In our study, we found similar mean amplitude (1158.34 µV on the right and 1236.26 µV on the left) and the mean amplitude for RLN palsy was below 100 µV (Table 5).

The differences of latency between the right and the left may be explained by morphological and functional asymmetry of the human RLN. We showed previously that the mean lengths of the left and right recurrent laryngeal nerves were, respectively, 136.6 and 75.0 mm with a mean difference of 61.6 mm and the distal and proximal total intraperineural area ratio demonstrated differences between the left and right recurrent laryngeal nerve [22]. The left recurrent laryngeal nerve presents a slight delay about 2.30 ms in the conduction velocity when compared with the right nerve. In our study, the left recurrent laryngeal nerve demonstrated a slight delay about 2.30 ms in the conduction velocity when compared with the right. Continuous vagal intraoperative neural monitoring can provide real-time recurrent laryngeal nerve evaluation during surgical maneuvers in identifying real-time adverse concordant amplitude and latency changes. Prompt modification of the associated surgical maneuver could prevent recurrent laryngeal nerve paralysis [23]. A recent report about the amplitude and latency values for the vagus nerve, RLN and EBSLN (external branch of the superior laryngeal nerve) in a prospective series with normal pre and postoperative vocal cord function, reported a significant divergent latencies of the left and right vagus: so the mean left vagal latency was 8.14 ms compared to a mean right vagal latency of 5.47 ms [24].

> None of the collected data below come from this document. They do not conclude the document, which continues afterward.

(* In the setting of the context, assume (G1) and (G2). 1. If (G3) holds, then ($\overline{G}_3$) holds. 2. If $X_0\neq X$ and ($\overline{G}_3$) holds, then (G3) holds. Here (G3): there exists $c_2\ge1$ such that $\operatorname{cap}U(x,r)\ge c_2^{-1}g(r)^{-1}$ for all $x\in X_0$ and $0<r<R_0(x)$; and ($\overline G_3$): there exists $c_2\ge1$ such that for all $x\in X_0$, $0<r<R_0(x)$ and $y\in X\setminus U(x,r)$, $\|\varepsilon_y^{\overline{U(x,r)}}\|\ge c_2^{-1}g(r)^{-1}G(y,x)$.
   Context: $(X,\rho)$ is a separable metric space, $X_0\subseteq X$ open; $\mathcal M(X)$ is the set of finite Borel measures (extended to universally measurable sets), $\|\mu\|:=\mu(X)$, $\varepsilon_x$ the Dirac measure. For every open $U\subseteq X$ and $x\in X$ a measure $\mu_x^U\in\mathcal M(X)$ is given such that for all open $U,V$ and all $x$: $\mu_x^U(U)=0$, $\|\mu_x^U\|\le1$, $\mu_x^U=\varepsilon_x$ if $x\notin U$; $y\mapsto\mu_y^U(E)$ is universally measurable for Borel $E$; and $\mu_x^U=\int\mu_y^U\,d\mu_x^V(y)$ if $V\subseteq U$. For closed $A$, $\varepsilon_x^A:=\mu_x^{X\setminus A}$. $\mathcal U(X_0)$ is the set of open $U$ with $\overline U\subseteq X_0$; $U(x,r)$ the open ball; $R_0(x):=\sup\{r>0:\overline{U(x,r)}\subseteq X_0\}$ for $x\in X_0$. $G\colon X\times X\to(0,\infty]$ is Borel, $G\mu(x):=\int G(x,y)\,d\mu(y)$, and $\operatorname{cap}A:=\sup\{\|\mu\|:\mu\in\mathcal M(X),\ \mu(X\setminus A)=0,\ G\mu\le1\}$. (G1): there exists $c_1\ge1$ such that for all $U\in\mathcal U(X_0)$, $x\in U$, $\delta>0$ and every closed $A\subseteq U$ there are a closed neighborhood $B\subseteq U$ of $A$ and a measure $\nu$ carried by $B$ with $\|\varepsilon_x^B\|-\delta<c_1\|\varepsilon_x^A\|$ and $\|\varepsilon_y^A\|\le G\nu(y)\le c_1\|\varepsilon_y^B\|$ for all $y\in X$. (G2): there are a strictly decreasing continuous $g\colon[0,\infty)\to(0,\infty]$ and constants $c,c_D,M_0\in[1,\infty)$, $\alpha_0\in(0,1)$ such that for all $r>0$, $g(r/2)\le c_Dg(r)$, $M_0g(r)\le g(\alpha_0r)$, and $c^{-1}g\circ\rho\le G\le c\,g\circ\rho$ on $X\times X$. *)

theory Defs
  imports "HOL-Analysis.Analysis" "HOL-Probability.Probability"
begin

text \<open>The space X is the whole type 'a (a separable = second countable metric space).
  Measures in M(X) are finite measures on the Borel sets of X; they are extended to
  universally measurable sets via their completion.\<close>

definition fin_borel :: "'a::topological_space measure \<Rightarrow> bool" where
  "fin_borel \<mu> \<longleftrightarrow> sets \<mu> = sets borel \<and> finite_measure \<mu>"

definition univ_meas_fun :: "('a::topological_space \<Rightarrow> ennreal) \<Rightarrow> bool" where
  "univ_meas_fun f \<longleftrightarrow> (\<forall>\<mu>. fin_borel \<mu> \<longrightarrow> f \<in> borel_measurable (completion \<mu>))"

definition mnorm :: "'a measure \<Rightarrow> real" where
  "mnorm \<mu> = measure \<mu> (space \<mu>)"

text \<open>Standing assumptions on the family \<mu>_x^U, written here as  mu U x.\<close>
definition harmonic_kernel :: "('a::topological_space set \<Rightarrow> 'a \<Rightarrow> 'a measure) \<Rightarrow> bool" where
  "harmonic_kernel mu \<longleftrightarrow>
     (\<forall>U x. open U \<longrightarrow> fin_borel (mu U x)) \<and>
     (\<forall>U x. open U \<longrightarrow> emeasure (mu U x) U = 0) \<and>
     (\<forall>U x. open U \<longrightarrow> mnorm (mu U x) \<le> 1) \<and>
     (\<forall>U x. open U \<longrightarrow> x \<notin> U \<longrightarrow> mu U x = return borel x) \<and>
     (\<forall>U E. open U \<longrightarrow> E \<in> sets borel \<longrightarrow> univ_meas_fun (\<lambda>y. emeasure (mu U y) E)) \<and>
     (\<forall>U V x. open U \<longrightarrow> open V \<longrightarrow> V \<subseteq> U \<longrightarrow>
        (\<forall>E\<in>sets borel. emeasure (mu U x) E =
            (\<integral>\<^sup>+ y. emeasure (mu U y) E \<partial>(completion (mu V x)))))"

definition swept :: "('a set \<Rightarrow> 'a \<Rightarrow> 'a measure) \<Rightarrow> 'a set \<Rightarrow> 'a \<Rightarrow> 'a measure" where
  "swept mu A x = mu (UNIV - A) x"

definition rel_compact_opens :: "'a::topological_space set \<Rightarrow> 'a set set" where
  "rel_compact_opens X0 = {U. open U \<and> closure U \<subseteq> X0}"

definition R0 :: "'a::metric_space set \<Rightarrow> 'a \<Rightarrow> ereal" where
  "R0 X0 x = Sup {ereal r | r. r > 0 \<and> closure (ball x r) \<subseteq> X0}"

definition Gpot :: "('a \<Rightarrow> 'a \<Rightarrow> ennreal) \<Rightarrow> 'a measure \<Rightarrow> 'a \<Rightarrow> ennreal" where
  "Gpot G \<mu> x = (\<integral>\<^sup>+ y. G x y \<partial>\<mu>)"

text \<open>cap A = sup{\<parallel>\<mu>\<parallel> : \<mu> in M(X), \<mu>(X \ A) = 0, G\<mu> \<le> 1}; \<mu>(X \ A) = 0 is read
  for the extension of \<mu> (X \ A is contained in a Borel \<mu>-null set).\<close>
definition cap :: "('a::topological_space \<Rightarrow> 'a \<Rightarrow> ennreal) \<Rightarrow> 'a set \<Rightarrow> ennreal" where
  "cap G A = Sup {emeasure \<mu> (space \<mu>) | \<mu>. fin_borel \<mu> \<and>
       (\<exists>N\<in>sets borel. UNIV - A \<subseteq> N \<and> emeasure \<mu> N = 0) \<and> (\<forall>x. Gpot G \<mu> x \<le> 1)}"

definition G1 :: "('a::metric_space set \<Rightarrow> 'a \<Rightarrow> 'a measure) \<Rightarrow> ('a \<Rightarrow> 'a \<Rightarrow> ennreal) \<Rightarrow> 'a set \<Rightarrow> bool" where
  "G1 mu G X0 \<longleftrightarrow> (\<exists>c1::real. c1 \<ge> 1 \<and>
     (\<forall>U\<in>rel_compact_opens X0. \<forall>x\<in>U. \<forall>\<delta>::real. \<delta> > 0 \<longrightarrow>
       (\<forall>A. closed A \<and> A \<subseteq> U \<longrightarrow>
         (\<exists>B \<nu>. closed B \<and> B \<subseteq> U \<and> A \<subseteq> interior B \<and>
            fin_borel \<nu> \<and> emeasure \<nu> (UNIV - B) = 0 \<and>
            mnorm (swept mu B x) - \<delta> < c1 * mnorm (swept mu A x) \<and>
            (\<forall>y. ennreal (mnorm (swept mu A y)) \<le> Gpot G \<nu> y \<and>
                 Gpot G \<nu> y \<le> ennreal (c1 * mnorm (swept mu B y)))))))"

definition G2 :: "('a::metric_space \<Rightarrow> 'a \<Rightarrow> ennreal) \<Rightarrow> (real \<Rightarrow> ennreal) \<Rightarrow> bool" where
  "G2 G g \<longleftrightarrow>
     (\<forall>s t. 0 \<le> s \<and> s < t \<longrightarrow> g t < g s) \<and> continuous_on {0..} g \<and>
     (\<forall>t\<ge>0. g t > 0) \<and>
     (\<exists>c cD M0 \<alpha>0::real. c \<ge> 1 \<and> cD \<ge> 1 \<and> M0 \<ge> 1 \<and> 0 < \<alpha>0 \<and> \<alpha>0 < 1 \<and>
        (\<forall>r>0. g (r/2) \<le> ennreal cD * g r) \<and>
        (\<forall>r>0. ennreal M0 * g r \<le> g (\<alpha>0 * r)) \<and>
        (\<forall>x y. ennreal (1/c) * g (dist x y) \<le> G x y \<and> G x y \<le> ennreal c * g (dist x y)))"

definition G3 :: "('a::metric_space \<Rightarrow> 'a \<Rightarrow> ennreal) \<Rightarrow> (real \<Rightarrow> ennreal) \<Rightarrow> 'a set \<Rightarrow> bool" where
  "G3 G g X0 \<longleftrightarrow> (\<exists>c2::real. c2 \<ge> 1 \<and>
     (\<forall>x\<in>X0. \<forall>r::real. 0 < r \<and> ereal r < R0 X0 x \<longrightarrow>
        cap G (ball x r) \<ge> ennreal (1/c2) * inverse (g r)))"

definition G3bar :: "('a::metric_space set \<Rightarrow> 'a \<Rightarrow> 'a measure) \<Rightarrow> ('a \<Rightarrow> 'a \<Rightarrow> ennreal) \<Rightarrow> (real \<Rightarrow> ennreal) \<Rightarrow> 'a set \<Rightarrow> bool" where
  "G3bar mu G g X0 \<longleftrightarrow> (\<exists>c2::real. c2 \<ge> 1 \<and>
     (\<forall>x\<in>X0. \<forall>r::real. 0 < r \<and> ereal r < R0 X0 x \<longrightarrow>
       (\<forall>y. y \<notin> ball x r \<longrightarrow>
          ennreal (mnorm (swept mu (closure (ball x r)) y)) \<ge>
            ennreal (1/c2) * inverse (g r) * G y x)))"

end

theory Submission
  imports Defs
begin

text \<open>Both directions go through the measure \<nu> of (G1), whose potential lies between \<parallel>\<epsilon>^A\<parallel> and
  c1 \<parallel>\<epsilon>^B\<parallel> for a closed A inside a ball U containing the support B of \<nu>. As \<parallel>\<epsilon>_z^A\<parallel> = 1 on A,
  G\<nu> \<ge> 1 there, so Fubini and the quasi-symmetry of G give cap A \<lesssim> \<parallel>\<nu>\<parallel>; as G\<nu> \<le> c1, the measure
  \<nu>/c1 is admissible and \<parallel>\<nu>\<parallel> \<lesssim> cap U. For y outside the ball, the doubling property of g makes
  G\<nu>(y) comparable to G(y, x) \<parallel>\<nu>\<parallel>. With U = U(x, r) and A the closed ball of radius r/2 this
  turns (G3) into (G3bar); with U = U(x, r/2), A the closed ball of radius r/4 and y \<notin> X_0,
  (G3bar) yields \<parallel>\<nu>\<parallel> \<greatersim> g(r/4)^{-1} \<approx> g(r)^{-1}, hence (G3).\<close>

lemma fin_borel_space: "fin_borel \<mu> \<Longrightarrow> space \<mu> = UNIV"
  unfolding fin_borel_def by (metis sets_eq_imp_space_eq space_borel)

lemma fin_borel_sets: "fin_borel \<mu> \<Longrightarrow> sets \<mu> = sets borel"
  unfolding fin_borel_def by simp

lemma emeasure_UNIV_eq_mnorm: "fin_borel \<mu> \<Longrightarrow> emeasure \<mu> UNIV = ennreal (mnorm \<mu>)"
  unfolding mnorm_def fin_borel_def
  by (metis finite_measure.emeasure_eq_measure sets_eq_imp_space_eq space_borel)

lemma ennreal_inverse_scale_le_iff:
  assumes "0 < k"
  shows "ennreal (1/k) * a \<le> b \<longleftrightarrow> a \<le> ennreal k * b"
proof -
  have inv: "ennreal k * ennreal (1/k) = 1"
    using assms by (simp flip: ennreal_mult)
  have "ennreal (1/k) * a \<le> b \<longleftrightarrow> ennreal k * (ennreal (1/k) * a) \<le> ennreal k * b"
    using assms by (simp add: ennreal_mult_le_mult_iff)
  also have "\<dots> \<longleftrightarrow> a \<le> ennreal k * b"
    by (simp add: mult.assoc[symmetric] inv)
  finally show ?thesis .
qed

A keen interest has been shown recently for the superior laryngeal nerve in thyroid surgeries, because the EBSLN innervates the cricothyroid muscle: cricothyroid muscle paralysis, due to EBSLN injury during thyroid surgery, can lead to a change in voice and reduce ability to produce high frequency tones. So IONM may be also a helpful tool in the identification and preservation of the EBSLN in thyroid surgeries [25].

Conclusion

Using vagal stimulation, IONM of the thyroarytenoid muscle can predict immediate postoperative vocal fold function in patients undergoing bilateral thyroid surgery and be aware of potential airway compromise. If we can get the muscular response, we can be sure that the vocal cord isn’t paralyzed. Using vagal nerve stimulation, the sensitivity and NPV were 100 %.

Physiologically, the thyroarytenoid muscle’s response showed functional asymmetry of laryngeal adduction with a faster vago-recurrent right response of 2.30 ms.